### What is needed
Only the lines from the beginning of the data below through the line containing "using assms(1,2) by" belong in the response, each copied exactly.

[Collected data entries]
= = =

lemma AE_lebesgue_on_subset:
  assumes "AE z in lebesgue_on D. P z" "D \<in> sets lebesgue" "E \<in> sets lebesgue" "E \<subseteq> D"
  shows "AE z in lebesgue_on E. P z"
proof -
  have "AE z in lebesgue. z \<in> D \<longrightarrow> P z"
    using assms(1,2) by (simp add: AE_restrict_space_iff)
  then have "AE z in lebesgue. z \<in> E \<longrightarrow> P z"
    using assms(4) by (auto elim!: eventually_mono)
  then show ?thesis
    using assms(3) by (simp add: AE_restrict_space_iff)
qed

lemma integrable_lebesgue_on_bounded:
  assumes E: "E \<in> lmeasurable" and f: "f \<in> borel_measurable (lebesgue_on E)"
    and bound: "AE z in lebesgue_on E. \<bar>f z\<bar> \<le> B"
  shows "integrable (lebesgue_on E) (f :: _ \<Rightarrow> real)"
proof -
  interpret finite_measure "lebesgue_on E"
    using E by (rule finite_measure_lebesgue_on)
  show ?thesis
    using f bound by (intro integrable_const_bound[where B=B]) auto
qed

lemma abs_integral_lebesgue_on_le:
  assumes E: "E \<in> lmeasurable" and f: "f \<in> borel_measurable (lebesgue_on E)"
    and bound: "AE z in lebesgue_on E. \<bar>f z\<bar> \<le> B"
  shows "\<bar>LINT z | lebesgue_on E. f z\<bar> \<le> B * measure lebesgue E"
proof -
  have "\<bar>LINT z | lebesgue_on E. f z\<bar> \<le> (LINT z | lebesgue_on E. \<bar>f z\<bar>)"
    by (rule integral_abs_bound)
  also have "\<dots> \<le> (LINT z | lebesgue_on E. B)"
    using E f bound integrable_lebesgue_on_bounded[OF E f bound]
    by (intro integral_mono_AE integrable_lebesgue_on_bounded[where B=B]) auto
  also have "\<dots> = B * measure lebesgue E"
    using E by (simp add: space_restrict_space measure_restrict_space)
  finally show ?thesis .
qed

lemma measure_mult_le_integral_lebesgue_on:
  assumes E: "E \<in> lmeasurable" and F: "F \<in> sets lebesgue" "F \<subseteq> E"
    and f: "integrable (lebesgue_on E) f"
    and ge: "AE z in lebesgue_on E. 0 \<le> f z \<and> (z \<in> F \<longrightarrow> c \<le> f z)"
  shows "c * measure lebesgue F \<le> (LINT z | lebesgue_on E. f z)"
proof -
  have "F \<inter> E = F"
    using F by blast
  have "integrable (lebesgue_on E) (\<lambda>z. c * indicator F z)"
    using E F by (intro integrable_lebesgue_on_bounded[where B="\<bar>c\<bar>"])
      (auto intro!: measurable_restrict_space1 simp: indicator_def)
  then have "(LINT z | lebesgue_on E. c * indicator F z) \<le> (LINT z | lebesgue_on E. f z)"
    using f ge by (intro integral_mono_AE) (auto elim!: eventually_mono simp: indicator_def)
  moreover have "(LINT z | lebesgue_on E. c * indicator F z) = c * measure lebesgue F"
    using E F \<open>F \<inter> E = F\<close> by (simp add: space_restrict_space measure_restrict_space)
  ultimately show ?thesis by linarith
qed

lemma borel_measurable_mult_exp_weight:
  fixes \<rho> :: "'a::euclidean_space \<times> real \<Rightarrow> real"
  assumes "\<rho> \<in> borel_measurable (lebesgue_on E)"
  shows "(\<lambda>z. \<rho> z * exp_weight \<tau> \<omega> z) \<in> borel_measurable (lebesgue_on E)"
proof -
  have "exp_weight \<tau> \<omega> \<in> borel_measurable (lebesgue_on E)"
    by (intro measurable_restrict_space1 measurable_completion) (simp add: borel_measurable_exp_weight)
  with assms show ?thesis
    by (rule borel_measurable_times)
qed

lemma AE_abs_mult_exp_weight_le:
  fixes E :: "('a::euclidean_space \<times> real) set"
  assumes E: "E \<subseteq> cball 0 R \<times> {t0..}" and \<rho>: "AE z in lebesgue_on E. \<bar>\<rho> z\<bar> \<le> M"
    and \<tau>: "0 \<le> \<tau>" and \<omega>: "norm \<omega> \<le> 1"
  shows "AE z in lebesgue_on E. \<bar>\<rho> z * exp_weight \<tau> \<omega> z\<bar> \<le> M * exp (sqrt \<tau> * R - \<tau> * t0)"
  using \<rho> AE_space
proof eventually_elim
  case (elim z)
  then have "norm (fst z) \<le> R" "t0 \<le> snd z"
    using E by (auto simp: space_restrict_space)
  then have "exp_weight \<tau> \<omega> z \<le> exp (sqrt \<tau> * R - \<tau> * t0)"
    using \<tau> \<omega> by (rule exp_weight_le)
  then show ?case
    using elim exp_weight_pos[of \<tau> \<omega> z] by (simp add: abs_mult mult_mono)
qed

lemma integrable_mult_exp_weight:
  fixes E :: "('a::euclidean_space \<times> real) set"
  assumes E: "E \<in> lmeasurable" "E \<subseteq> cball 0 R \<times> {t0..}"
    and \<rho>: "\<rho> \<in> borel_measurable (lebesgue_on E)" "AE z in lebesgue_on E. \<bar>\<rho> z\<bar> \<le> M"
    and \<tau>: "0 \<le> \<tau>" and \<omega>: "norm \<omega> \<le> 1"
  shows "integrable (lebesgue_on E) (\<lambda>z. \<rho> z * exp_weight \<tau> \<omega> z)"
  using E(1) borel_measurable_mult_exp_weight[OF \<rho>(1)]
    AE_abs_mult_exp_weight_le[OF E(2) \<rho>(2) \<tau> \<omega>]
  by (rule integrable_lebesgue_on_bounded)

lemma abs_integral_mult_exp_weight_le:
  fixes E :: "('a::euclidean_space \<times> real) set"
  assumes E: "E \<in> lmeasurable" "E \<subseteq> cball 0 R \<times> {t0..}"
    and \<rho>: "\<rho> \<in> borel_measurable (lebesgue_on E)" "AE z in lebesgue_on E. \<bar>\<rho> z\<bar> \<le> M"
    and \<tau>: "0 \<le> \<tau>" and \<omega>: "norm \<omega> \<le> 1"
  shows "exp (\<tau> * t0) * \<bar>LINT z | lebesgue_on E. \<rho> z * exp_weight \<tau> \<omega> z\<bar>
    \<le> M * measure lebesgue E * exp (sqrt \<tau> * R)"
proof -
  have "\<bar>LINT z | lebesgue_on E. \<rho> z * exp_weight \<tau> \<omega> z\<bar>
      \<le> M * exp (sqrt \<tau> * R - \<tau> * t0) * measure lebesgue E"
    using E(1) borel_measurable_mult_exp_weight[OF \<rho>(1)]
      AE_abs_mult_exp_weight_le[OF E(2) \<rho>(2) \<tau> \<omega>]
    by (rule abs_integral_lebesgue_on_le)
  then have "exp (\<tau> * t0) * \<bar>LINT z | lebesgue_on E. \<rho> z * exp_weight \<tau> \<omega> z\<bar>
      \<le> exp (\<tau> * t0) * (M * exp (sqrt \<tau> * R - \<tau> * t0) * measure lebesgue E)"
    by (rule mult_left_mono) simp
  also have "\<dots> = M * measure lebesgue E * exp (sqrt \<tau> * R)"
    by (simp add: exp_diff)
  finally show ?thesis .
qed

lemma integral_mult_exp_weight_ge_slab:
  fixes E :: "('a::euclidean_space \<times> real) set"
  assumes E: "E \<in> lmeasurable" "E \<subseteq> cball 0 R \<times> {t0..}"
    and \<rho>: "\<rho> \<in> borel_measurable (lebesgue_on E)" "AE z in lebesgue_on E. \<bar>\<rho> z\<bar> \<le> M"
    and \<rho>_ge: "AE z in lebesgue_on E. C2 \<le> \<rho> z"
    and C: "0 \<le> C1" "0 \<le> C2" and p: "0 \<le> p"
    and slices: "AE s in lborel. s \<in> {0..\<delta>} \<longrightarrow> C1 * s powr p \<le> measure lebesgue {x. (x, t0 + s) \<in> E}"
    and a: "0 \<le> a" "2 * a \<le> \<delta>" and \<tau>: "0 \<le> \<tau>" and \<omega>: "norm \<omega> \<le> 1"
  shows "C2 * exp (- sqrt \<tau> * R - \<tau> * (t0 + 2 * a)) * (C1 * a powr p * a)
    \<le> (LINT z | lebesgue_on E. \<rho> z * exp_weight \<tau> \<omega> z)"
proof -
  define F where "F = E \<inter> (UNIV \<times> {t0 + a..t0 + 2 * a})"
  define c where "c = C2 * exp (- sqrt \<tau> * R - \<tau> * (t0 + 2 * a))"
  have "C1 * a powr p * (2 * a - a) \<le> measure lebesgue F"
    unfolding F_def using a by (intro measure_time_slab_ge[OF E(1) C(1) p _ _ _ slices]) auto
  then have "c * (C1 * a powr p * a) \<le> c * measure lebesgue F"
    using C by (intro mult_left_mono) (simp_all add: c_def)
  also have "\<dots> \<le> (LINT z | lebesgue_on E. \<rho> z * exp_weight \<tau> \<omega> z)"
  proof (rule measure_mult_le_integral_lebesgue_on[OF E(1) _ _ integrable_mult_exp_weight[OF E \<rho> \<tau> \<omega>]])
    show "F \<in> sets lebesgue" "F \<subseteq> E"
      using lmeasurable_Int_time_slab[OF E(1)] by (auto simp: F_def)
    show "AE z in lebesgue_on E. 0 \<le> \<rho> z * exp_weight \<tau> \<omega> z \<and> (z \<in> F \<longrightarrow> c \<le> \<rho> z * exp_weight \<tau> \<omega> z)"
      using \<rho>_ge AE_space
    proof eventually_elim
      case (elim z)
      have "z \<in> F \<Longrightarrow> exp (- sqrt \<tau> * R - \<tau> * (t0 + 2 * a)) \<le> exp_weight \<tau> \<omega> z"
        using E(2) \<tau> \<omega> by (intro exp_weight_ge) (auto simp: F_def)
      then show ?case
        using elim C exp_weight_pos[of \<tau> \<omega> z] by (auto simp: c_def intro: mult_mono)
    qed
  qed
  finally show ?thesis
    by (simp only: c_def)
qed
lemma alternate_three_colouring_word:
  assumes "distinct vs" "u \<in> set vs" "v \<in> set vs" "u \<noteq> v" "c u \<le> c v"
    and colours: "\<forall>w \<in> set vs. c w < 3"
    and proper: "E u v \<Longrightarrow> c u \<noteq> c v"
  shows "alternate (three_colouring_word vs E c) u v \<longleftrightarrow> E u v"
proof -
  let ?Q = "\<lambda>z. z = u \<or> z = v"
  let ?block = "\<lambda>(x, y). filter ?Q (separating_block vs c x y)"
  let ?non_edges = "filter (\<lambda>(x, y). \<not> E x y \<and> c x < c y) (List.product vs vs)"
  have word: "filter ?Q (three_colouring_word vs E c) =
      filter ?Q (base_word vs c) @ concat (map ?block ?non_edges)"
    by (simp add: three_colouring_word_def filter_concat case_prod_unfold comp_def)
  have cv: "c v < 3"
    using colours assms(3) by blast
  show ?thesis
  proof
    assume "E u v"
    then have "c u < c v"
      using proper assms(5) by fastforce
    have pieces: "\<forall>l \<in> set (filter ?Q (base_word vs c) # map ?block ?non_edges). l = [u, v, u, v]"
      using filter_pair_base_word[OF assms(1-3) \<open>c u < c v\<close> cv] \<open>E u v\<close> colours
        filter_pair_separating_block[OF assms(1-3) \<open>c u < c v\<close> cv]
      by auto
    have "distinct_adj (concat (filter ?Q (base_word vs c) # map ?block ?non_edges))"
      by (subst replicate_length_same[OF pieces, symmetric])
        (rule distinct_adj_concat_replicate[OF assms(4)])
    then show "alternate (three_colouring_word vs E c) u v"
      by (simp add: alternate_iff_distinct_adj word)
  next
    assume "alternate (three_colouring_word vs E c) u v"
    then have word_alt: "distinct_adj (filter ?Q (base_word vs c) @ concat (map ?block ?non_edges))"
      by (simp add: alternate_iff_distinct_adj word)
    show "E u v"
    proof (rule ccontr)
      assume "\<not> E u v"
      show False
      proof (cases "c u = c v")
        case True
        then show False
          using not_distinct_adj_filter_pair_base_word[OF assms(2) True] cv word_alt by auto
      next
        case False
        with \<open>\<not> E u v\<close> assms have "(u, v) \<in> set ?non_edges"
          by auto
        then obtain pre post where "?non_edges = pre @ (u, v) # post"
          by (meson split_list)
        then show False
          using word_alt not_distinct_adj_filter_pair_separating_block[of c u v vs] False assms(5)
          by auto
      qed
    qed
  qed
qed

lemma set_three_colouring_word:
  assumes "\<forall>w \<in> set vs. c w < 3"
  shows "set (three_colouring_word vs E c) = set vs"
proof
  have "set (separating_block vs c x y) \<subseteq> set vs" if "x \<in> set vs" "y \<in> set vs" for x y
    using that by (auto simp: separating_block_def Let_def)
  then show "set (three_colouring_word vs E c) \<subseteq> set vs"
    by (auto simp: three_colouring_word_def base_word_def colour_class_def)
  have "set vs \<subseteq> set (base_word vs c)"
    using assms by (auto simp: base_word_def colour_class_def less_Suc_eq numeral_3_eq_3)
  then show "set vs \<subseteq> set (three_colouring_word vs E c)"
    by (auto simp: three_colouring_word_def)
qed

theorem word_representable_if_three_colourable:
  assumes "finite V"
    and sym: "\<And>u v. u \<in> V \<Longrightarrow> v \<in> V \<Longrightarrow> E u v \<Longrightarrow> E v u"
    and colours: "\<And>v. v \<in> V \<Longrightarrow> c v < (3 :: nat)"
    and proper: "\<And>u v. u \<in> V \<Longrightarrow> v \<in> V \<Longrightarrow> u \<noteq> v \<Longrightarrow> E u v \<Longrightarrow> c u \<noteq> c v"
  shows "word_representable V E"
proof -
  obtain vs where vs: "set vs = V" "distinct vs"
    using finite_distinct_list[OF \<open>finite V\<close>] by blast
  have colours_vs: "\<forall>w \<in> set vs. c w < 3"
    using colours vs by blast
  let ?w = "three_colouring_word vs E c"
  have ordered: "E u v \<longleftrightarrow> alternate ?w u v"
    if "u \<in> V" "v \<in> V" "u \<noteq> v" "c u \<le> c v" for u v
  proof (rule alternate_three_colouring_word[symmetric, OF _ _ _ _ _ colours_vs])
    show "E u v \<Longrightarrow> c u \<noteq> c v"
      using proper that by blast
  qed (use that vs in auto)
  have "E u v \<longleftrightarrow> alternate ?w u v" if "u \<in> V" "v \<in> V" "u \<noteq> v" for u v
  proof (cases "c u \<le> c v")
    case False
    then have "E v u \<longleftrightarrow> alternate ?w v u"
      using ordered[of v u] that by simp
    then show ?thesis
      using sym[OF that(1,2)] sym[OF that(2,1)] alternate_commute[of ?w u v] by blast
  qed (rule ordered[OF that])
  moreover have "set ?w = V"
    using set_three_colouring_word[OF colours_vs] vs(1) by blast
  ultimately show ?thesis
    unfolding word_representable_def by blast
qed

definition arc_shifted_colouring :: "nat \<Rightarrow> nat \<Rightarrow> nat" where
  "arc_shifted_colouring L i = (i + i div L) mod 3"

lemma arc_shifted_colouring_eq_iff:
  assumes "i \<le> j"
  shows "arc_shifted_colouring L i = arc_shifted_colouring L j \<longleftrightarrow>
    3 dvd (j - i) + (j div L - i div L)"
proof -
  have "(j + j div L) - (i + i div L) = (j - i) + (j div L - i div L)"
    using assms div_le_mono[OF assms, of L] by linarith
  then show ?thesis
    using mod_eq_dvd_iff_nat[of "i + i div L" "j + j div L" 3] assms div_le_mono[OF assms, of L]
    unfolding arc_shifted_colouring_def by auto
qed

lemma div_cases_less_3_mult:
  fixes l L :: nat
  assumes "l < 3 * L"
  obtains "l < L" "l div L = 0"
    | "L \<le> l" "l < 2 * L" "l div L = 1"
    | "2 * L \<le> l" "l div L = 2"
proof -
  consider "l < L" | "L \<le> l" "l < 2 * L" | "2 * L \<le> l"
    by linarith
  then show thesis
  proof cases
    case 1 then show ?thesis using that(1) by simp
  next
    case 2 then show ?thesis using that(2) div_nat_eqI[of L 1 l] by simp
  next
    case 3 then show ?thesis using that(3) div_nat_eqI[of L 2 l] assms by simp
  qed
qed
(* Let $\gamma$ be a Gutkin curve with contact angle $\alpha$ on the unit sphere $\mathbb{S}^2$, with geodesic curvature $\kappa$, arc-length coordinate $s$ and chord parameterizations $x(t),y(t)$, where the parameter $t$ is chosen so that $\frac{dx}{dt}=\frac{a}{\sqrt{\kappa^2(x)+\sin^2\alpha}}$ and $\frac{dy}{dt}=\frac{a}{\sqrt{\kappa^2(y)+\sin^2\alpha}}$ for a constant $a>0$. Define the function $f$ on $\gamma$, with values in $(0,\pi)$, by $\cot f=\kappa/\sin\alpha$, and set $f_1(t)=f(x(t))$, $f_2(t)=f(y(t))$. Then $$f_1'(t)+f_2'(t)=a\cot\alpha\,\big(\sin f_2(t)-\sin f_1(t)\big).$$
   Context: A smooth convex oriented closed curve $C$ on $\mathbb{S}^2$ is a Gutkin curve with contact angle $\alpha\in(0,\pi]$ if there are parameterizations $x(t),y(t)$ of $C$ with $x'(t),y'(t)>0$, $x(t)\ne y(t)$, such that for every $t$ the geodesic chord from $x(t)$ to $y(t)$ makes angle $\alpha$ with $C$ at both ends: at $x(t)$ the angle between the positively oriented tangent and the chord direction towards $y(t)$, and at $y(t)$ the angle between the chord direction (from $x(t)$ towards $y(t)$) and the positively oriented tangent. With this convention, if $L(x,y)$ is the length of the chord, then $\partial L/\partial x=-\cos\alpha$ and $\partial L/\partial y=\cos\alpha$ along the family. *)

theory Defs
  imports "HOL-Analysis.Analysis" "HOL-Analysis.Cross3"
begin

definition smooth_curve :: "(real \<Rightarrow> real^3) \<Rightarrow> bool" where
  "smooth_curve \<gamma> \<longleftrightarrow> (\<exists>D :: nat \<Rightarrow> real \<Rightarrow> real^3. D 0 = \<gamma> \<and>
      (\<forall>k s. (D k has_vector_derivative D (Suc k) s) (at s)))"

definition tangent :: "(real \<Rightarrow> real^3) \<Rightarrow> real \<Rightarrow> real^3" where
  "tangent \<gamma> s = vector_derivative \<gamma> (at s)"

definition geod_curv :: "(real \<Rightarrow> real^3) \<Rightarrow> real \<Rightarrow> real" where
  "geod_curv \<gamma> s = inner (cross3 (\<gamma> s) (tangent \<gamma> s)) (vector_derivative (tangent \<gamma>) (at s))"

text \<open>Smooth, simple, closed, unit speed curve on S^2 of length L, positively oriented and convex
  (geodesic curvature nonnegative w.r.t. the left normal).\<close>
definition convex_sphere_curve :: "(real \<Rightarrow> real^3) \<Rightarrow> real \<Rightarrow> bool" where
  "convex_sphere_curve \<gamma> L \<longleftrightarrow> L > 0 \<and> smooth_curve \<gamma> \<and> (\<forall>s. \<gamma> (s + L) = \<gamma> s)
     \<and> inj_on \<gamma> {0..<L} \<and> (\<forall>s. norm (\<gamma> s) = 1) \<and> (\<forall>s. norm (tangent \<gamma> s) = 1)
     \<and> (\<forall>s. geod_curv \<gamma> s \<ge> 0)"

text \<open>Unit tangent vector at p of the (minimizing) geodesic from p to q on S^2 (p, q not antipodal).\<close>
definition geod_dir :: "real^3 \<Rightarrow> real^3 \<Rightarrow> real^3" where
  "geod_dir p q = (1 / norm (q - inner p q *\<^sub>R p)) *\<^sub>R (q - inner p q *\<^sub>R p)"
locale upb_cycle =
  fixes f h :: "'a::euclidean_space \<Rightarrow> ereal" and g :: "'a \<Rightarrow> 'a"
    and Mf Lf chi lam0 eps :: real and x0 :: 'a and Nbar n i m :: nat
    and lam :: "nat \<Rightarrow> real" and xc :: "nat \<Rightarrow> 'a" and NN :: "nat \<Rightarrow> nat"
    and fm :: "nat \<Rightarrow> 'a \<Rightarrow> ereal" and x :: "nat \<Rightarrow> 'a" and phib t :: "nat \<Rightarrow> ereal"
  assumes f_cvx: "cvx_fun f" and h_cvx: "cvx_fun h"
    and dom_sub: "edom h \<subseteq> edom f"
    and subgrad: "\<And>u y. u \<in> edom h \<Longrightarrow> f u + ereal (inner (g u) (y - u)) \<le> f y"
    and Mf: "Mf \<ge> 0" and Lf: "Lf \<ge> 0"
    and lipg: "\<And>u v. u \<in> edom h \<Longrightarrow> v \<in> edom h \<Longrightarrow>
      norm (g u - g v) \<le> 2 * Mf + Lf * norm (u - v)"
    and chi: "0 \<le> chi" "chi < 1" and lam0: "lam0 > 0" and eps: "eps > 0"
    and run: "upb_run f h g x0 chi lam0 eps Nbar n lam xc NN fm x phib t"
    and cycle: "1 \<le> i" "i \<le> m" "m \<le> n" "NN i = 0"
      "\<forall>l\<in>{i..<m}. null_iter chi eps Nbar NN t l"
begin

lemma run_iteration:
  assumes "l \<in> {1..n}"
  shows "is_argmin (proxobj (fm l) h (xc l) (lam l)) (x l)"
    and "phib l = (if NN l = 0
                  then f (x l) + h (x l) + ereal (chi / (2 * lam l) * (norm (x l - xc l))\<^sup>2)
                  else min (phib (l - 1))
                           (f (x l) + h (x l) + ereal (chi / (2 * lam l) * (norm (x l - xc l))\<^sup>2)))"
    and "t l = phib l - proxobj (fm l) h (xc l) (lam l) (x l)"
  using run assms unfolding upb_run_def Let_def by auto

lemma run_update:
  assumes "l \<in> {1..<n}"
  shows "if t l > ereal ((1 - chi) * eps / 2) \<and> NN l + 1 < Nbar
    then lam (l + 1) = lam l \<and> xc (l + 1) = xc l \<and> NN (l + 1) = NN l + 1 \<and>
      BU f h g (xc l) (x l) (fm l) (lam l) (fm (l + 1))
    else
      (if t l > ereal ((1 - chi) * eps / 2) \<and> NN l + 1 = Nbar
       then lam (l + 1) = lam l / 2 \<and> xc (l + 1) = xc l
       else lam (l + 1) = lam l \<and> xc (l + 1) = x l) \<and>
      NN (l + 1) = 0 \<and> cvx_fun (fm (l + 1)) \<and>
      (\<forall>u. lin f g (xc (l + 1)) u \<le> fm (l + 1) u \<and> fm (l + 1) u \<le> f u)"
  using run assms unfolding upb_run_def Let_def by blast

= = =

### Result of the task
lemma AE_lebesgue_on_subset:
  assumes "AE z in lebesgue_on D. P z" "D \<in> sets lebesgue" "E \<in> sets lebesgue" "E \<subseteq> D"
  shows "AE z in lebesgue_on E. P z"
proof -
  have "AE z in lebesgue. z \<in> D \<longrightarrow> P z"
    using assms(1,2) by (simp add: AE_restrict_space_iff)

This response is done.